Last month, a family from northern Israel was visiting the museum when their youngest son tipped over the jar, which smashed into pieces.

Alex Geller, the boy’s father, said his son — the youngest of three — is exceptionally curious, and that the moment he heard the crash, “please let that not be my child” was the first thought that raced through his head.

The jar has been on display at the Hecht Museum in Haifa for 35 years. It was one of the only containers of its size and from that period still complete when it was discovered.

The Bronze Age jar is one of many artifacts exhibited out in the open, part of the Hecht Museum’s vision of letting visitors explore history without glass barriers, said Inbal Rivlin, the director of the museum, which is associated with Haifa University in northern Israel.

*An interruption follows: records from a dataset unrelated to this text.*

lemma card_small_subsets_le:
  fixes x r :: real
  assumes "finite A" "0 < x" "x \<le> 1"
  shows "real (card {D\<in>Pow A. real (card D) \<le> r}) * x powr r \<le> (1 + x) ^ card A"
proof -
  have "real (card {D\<in>Pow A. real (card D) \<le> r}) * x powr r = (\<Sum>D\<in>{D\<in>Pow A. real (card D) \<le> r}. x powr r)"
    by simp
  also have "\<dots> \<le> (\<Sum>D\<in>{D\<in>Pow A. real (card D) \<le> r}. x ^ card D)"
    using assms by (intro sum_mono) (auto simp: powr_realpow[symmetric] intro: powr_mono')
  also have "\<dots> \<le> (\<Sum>D\<in>Pow A. x ^ card D)"
    using assms by (intro sum_mono2) auto
  finally show ?thesis
    using sum_Pow_power_card[OF \<open>finite A\<close>, of x] by simp
qed

lemma card_le_card_small_sym_diff:
  assumes "finite A" "Z \<subseteq> Pow A" "\<And>S T. S \<in> Z \<Longrightarrow> T \<in> Z \<Longrightarrow> real (card (sym_diff S T)) \<le> r"
  shows "card Z \<le> card {D\<in>Pow A. real (card D) \<le> r}"
proof (cases "Z = {}")
  case False
  then obtain S where "S \<in> Z"
    by blast
  have "Z \<subseteq> sym_diff S ` {D\<in>Pow A. real (card D) \<le> r}"
  proof
    fix T
    assume "T \<in> Z"
    then have "sym_diff S T \<in> {D\<in>Pow A. real (card D) \<le> r}" "T = sym_diff S (sym_diff S T)"
      using assms \<open>S \<in> Z\<close> by auto
    then show "T \<in> sym_diff S ` {D\<in>Pow A. real (card D) \<le> r}"
      by blast
  qed
  moreover have "finite {D\<in>Pow A. real (card D) \<le> r}"
    using \<open>finite A\<close> by simp
  ultimately show ?thesis
    by (meson card_image_le card_mono finite_imageI order_trans)
qed simp

lemma pmf_wsum_bern_ge_single:
  assumes "v \<in> {1..n}" "\<forall>i\<in>{1..n}. 0 \<le> p i \<and> p i \<le> 1"
  shows "p v * (\<Prod>i\<in>{1..n}-{v}. 1 - p i) \<le> pmf (wsum_bern n p) v"
proof -
  let ?M = "Pi_pmf {1..n} False (\<lambda>i. bernoulli_pmf (p i))"
  let ?g = "\<lambda>b. \<Sum>i\<in>{1..n}. if b i then i else (0::nat)"
  have "pmf ?M (\<lambda>i. i = v) = (\<Prod>i\<in>{1..n}. if i = v then p v else 1 - p i)"
    using assms by (auto simp: pmf_Pi intro!: prod.cong)
  also have "\<dots> = p v * (\<Prod>i\<in>{1..n}-{v}. if i = v then p v else 1 - p i)"
    using assms(1) by (subst prod.remove[of _ v]) auto
  also have "(\<Prod>i\<in>{1..n}-{v}. if i = v then p v else 1 - p i) = (\<Prod>i\<in>{1..n}-{v}. 1 - p i)"
    by (intro prod.cong) auto
  finally have "p v * (\<Prod>i\<in>{1..n}-{v}. 1 - p i) = measure ?M {\<lambda>i. i = v}"
    by (simp add: measure_pmf_single)
  also have "\<dots> \<le> measure ?M (?g -` {v})"
  proof (intro measure_pmf.finite_measure_mono)
    show "{\<lambda>i. i = v} \<subseteq> ?g -` {v}"
      using assms(1) by (simp add: sum.delta')
  qed simp
  finally show ?thesis
    unfolding wsum_bern_def pmf_map .
qed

It was likely used to hold wine or oil, and dates back to between 2200 and 1500 B.C.

Rivlin and the museum decided to turn the moment, which captured international attention, into a teaching moment, inviting the Geller family back for a special visit and hands-on activity to illustrate the restoration process.

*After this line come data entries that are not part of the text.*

(* Let $n\geq2$ and let $S=(n,\phi,F)$ be a semicoherent system whose lifetime distribution has no ties. (i) If $q_i(A)>0$ for every $i\in[n]$ and every $A\subseteq[n]\setminus\{i\}$, then $H(\mathbf{I}_{\mathrm{BP}})=0$ if and only if there is $j\in[n]$ with $\phi(\mathbf{x})=x_j$ for all $\mathbf{x}$. (ii) If $q(A)>0$ for every $A\subseteq[n]$, then $H(\mathbf{p})=0$ if and only if there is $k\in[n]$ with $\phi(\mathbf{x})=x_{k:n}$ for all $\mathbf{x}$ (the $k$th smallest coordinate of $\mathbf{x}$, i.e., a $k$-out-of-$n$ system).
   Context: Semicoherent system $S=(n,\phi,F)$: $\phi:\{0,1\}^n\to\{0,1\}$ nondecreasing with $\phi(0,\ldots,0)=0$, $\phi(1,\ldots,1)=1$ (Boolean vectors identified with subsets of $[n]$); $F$ is the joint c.d.f. of nonnegative lifetimes $X_1,\ldots,X_n$ with $\Pr(X_i=X_k)=0$ for $i\neq k$. System lifetime $T=\inf\{t\geq0:\phi(\{i:X_i>t\})=0\}$. $\mathbf{I}_{\mathrm{BP}}=(I_{\mathrm{BP}}^{(1)},\ldots,I_{\mathrm{BP}}^{(n)})$ with $I_{\mathrm{BP}}^{(j)}=\Pr(T=X_j)$; signature $\mathbf{p}=(p_1,\ldots,p_n)$ with $p_k=\Pr(T=X_{k:n})$, $X_{k:n}$ the $k$th smallest lifetime. $q_j(A)=\Pr\big(\max_{i\notin A\cup\{j\}}X_i<X_j<\min_{i\in A}X_i\big)$ for $A\subseteq[n]\setminus\{j\}$; $q(A)=\Pr\big(\max_{i\notin A}X_i<\min_{i\in A}X_i\big)$ (empty max $=-\infty$, empty min $=+\infty$). For a probability vector $\mathbf{w}$ on $[n]$, $H(\mathbf{w})=-\frac{1}{\ln n}\sum_{i=1}^n w_i\ln w_i$ with $0\ln0=0$. *)

theory Defs
  imports "HOL-Probability.Probability"
begin

text \<open>Components are indexed by [n] = {1..n}; Boolean vectors are identified
with subsets of {1..n} (the set of coordinates equal to 1).\<close>

definition semicoherent :: "nat \<Rightarrow> (nat set \<Rightarrow> bool) \<Rightarrow> bool" where
  "semicoherent n \<phi> \<longleftrightarrow>
     (\<forall>A B. A \<subseteq> B \<and> B \<subseteq> {1..n} \<and> \<phi> A \<longrightarrow> \<phi> B) \<and> \<not> \<phi> {} \<and> \<phi> {1..n}"

definition ord_stat :: "nat \<Rightarrow> nat \<Rightarrow> (nat \<Rightarrow> real) \<Rightarrow> real" where
  "ord_stat n k x = sort (map x [1..<n+1]) ! (k - 1)"

definition lifetimes :: "'a measure \<Rightarrow> nat \<Rightarrow> (nat \<Rightarrow> 'a \<Rightarrow> real) \<Rightarrow> bool" where
  "lifetimes M n X \<longleftrightarrow> prob_space M \<and>
     (\<forall>i\<in>{1..n}. X i \<in> borel_measurable M \<and> (\<forall>\<omega>\<in>space M. 0 \<le> X i \<omega>)) \<and>
     (\<forall>i\<in>{1..n}. \<forall>k\<in>{1..n}. i \<noteq> k \<longrightarrow> measure M {\<omega>\<in>space M. X i \<omega> = X k \<omega>} = 0)"

definition sys_lifetime :: "nat \<Rightarrow> (nat set \<Rightarrow> bool) \<Rightarrow> (nat \<Rightarrow> 'a \<Rightarrow> real) \<Rightarrow> 'a \<Rightarrow> real" where
  "sys_lifetime n \<phi> X \<omega> = Inf {t. 0 \<le> t \<and> \<not> \<phi> {i\<in>{1..n}. X i \<omega> > t}}"

definition I_BP :: "'a measure \<Rightarrow> nat \<Rightarrow> (nat set \<Rightarrow> bool) \<Rightarrow> (nat \<Rightarrow> 'a \<Rightarrow> real) \<Rightarrow> nat \<Rightarrow> real" where
  "I_BP M n \<phi> X j = measure M {\<omega>\<in>space M. sys_lifetime n \<phi> X \<omega> = X j \<omega>}"

definition signature :: "'a measure \<Rightarrow> nat \<Rightarrow> (nat set \<Rightarrow> bool) \<Rightarrow> (nat \<Rightarrow> 'a \<Rightarrow> real) \<Rightarrow> nat \<Rightarrow> real" where
  "signature M n \<phi> X k =
     measure M {\<omega>\<in>space M. sys_lifetime n \<phi> X \<omega> = ord_stat n k (\<lambda>i. X i \<omega>)}"

text \<open>q_j(A) = Pr(max_{i notin A u {j}} X_i < X_j < min_{i in A} X_i), with
empty max = -inf and empty min = +inf.\<close>
definition q_j :: "'a measure \<Rightarrow> nat \<Rightarrow> (nat \<Rightarrow> 'a \<Rightarrow> real) \<Rightarrow> nat \<Rightarrow> nat set \<Rightarrow> real" where
  "q_j M n X j A = measure M {\<omega>\<in>space M.
      (\<forall>i\<in>{1..n} - (A \<union> {j}). X i \<omega> < X j \<omega>) \<and> (\<forall>i\<in>A. X j \<omega> < X i \<omega>)}"

definition q :: "'a measure \<Rightarrow> nat \<Rightarrow> (nat \<Rightarrow> 'a \<Rightarrow> real) \<Rightarrow> nat set \<Rightarrow> real" where
  "q M n X A = measure M {\<omega>\<in>space M.
      \<forall>i\<in>{1..n} - A. \<forall>l\<in>A. X i \<omega> < X l \<omega>}"

definition entropy_n :: "nat \<Rightarrow> (nat \<Rightarrow> real) \<Rightarrow> real" where
  "entropy_n n w = - (1 / ln (real n)) * (\<Sum>i\<in>{1..n}. if w i = 0 then 0 else w i * ln (w i))"

end

theory Submission
  imports Defs
begin

text \<open>
  For a semicoherent structure function \<open>\<phi>\<close> the system lifetime is the
  path-set value: the maximum over the path sets \<open>P\<close> of the minimum of the lifetimes in
  \<open>P\<close>.  It is characterised by \<open>T \<le> t \<longleftrightarrow> \<not> \<phi> {i. t < x i}\<close>, which yields two facts:
  the dictator \<open>\<phi>(x) = x\<^sub>j\<close> and the order-statistic system \<open>\<phi>(x) = x\<^sub>k\<^sub>:\<^sub>n\<close> have lifetimes
  \<open>x\<^sub>j\<close> and \<open>x\<^sub>k\<^sub>:\<^sub>n\<close>, and two systems with equal lifetime at a configuration in which
  exactly the components of \<open>A\<close> outlive all others agree on \<open>A\<close>.

  A normalised entropy vanishes iff the probability vector is a unit vector.  If the
  system is a dictator (resp. an order-statistic system), its lifetime equals one
  candidate surely and, there being no ties, every other candidate almost never.
  Conversely, if one of the events \<open>T = X\<^sub>j\<close> (resp. \<open>T = X\<^sub>k\<^sub>:\<^sub>n\<close>) has probability one, it
  meets every event of positive probability, in particular the ones defining
  \<open>q\<^sub>j(A - {j})\<close> (resp. \<open>q(A)\<close>), on which \<open>A\<close> is exactly the set of longest-lived
  components; hence \<open>\<phi>\<close> agrees with the dictator (resp. order-statistic system) on \<open>A\<close>.
\<close>

lemma entropy_n_zero_iff:
  assumes "n \<ge> 2" and "\<forall>i\<in>{1..n}. 0 \<le> w i \<and> w i \<le> 1"
  shows "entropy_n n w = 0 \<longleftrightarrow> (\<forall>i\<in>{1..n}. w i = 0 \<or> w i = 1)"
proof -
  define h where "h i = - (if w i = 0 then 0 else w i * ln (w i))" for i
  have ln_pos: "ln (real n) > 0" using assms(1) by simp
  have h_nonneg: "\<forall>i\<in>{1..n}. 0 \<le> h i"
    using assms(2) unfolding h_def by (auto intro!: mult_nonneg_nonpos)
  have h_zero: "h i = 0 \<longleftrightarrow> w i = 0 \<or> w i = 1" if "i \<in> {1..n}" for i
  proof (cases "w i = 0")
    case False
    then have "w i > 0" using assms(2) that by (simp add: order_le_neq_trans)
    then show ?thesis using False unfolding h_def by (simp add: ln_eq_zero_iff)
  qed (simp add: h_def)
  have "entropy_n n w = 0 \<longleftrightarrow> (\<Sum>i\<in>{1..n}. h i) = 0"
    using ln_pos unfolding entropy_n_def h_def by (simp add: sum_negf)
  also have "\<dots> \<longleftrightarrow> (\<forall>i\<in>{1..n}. h i = 0)"
    using h_nonneg by (intro sum_nonneg_eq_0_iff) auto
  finally show ?thesis using h_zero by simp
qed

Rivlin added that the incident provided a welcome distraction from the ongoing war in Gaza. “Well, he’s just a kid. So I think that somehow it touches the heart of the people in Israel and around the world,“ said Rivlin.

Roee Shafir, a restoration expert at the museum, said the repairs would be fairly simple, as the pieces were from a single, complete jar. Archaeologists often face the more daunting task of sifting through piles of shards from multiple objects and trying to piece them together.

Experts used 3D technology, hi-resolution videos, and special glue to painstakingly reconstruct the large jar.

Less than two weeks after it broke, the jar went back on display at the museum. The gluing process left small hairline cracks, and a few pieces are missing, but the jar’s impressive size remains.

The only noticeable difference in the exhibit was a new sign reading “please don’t touch.”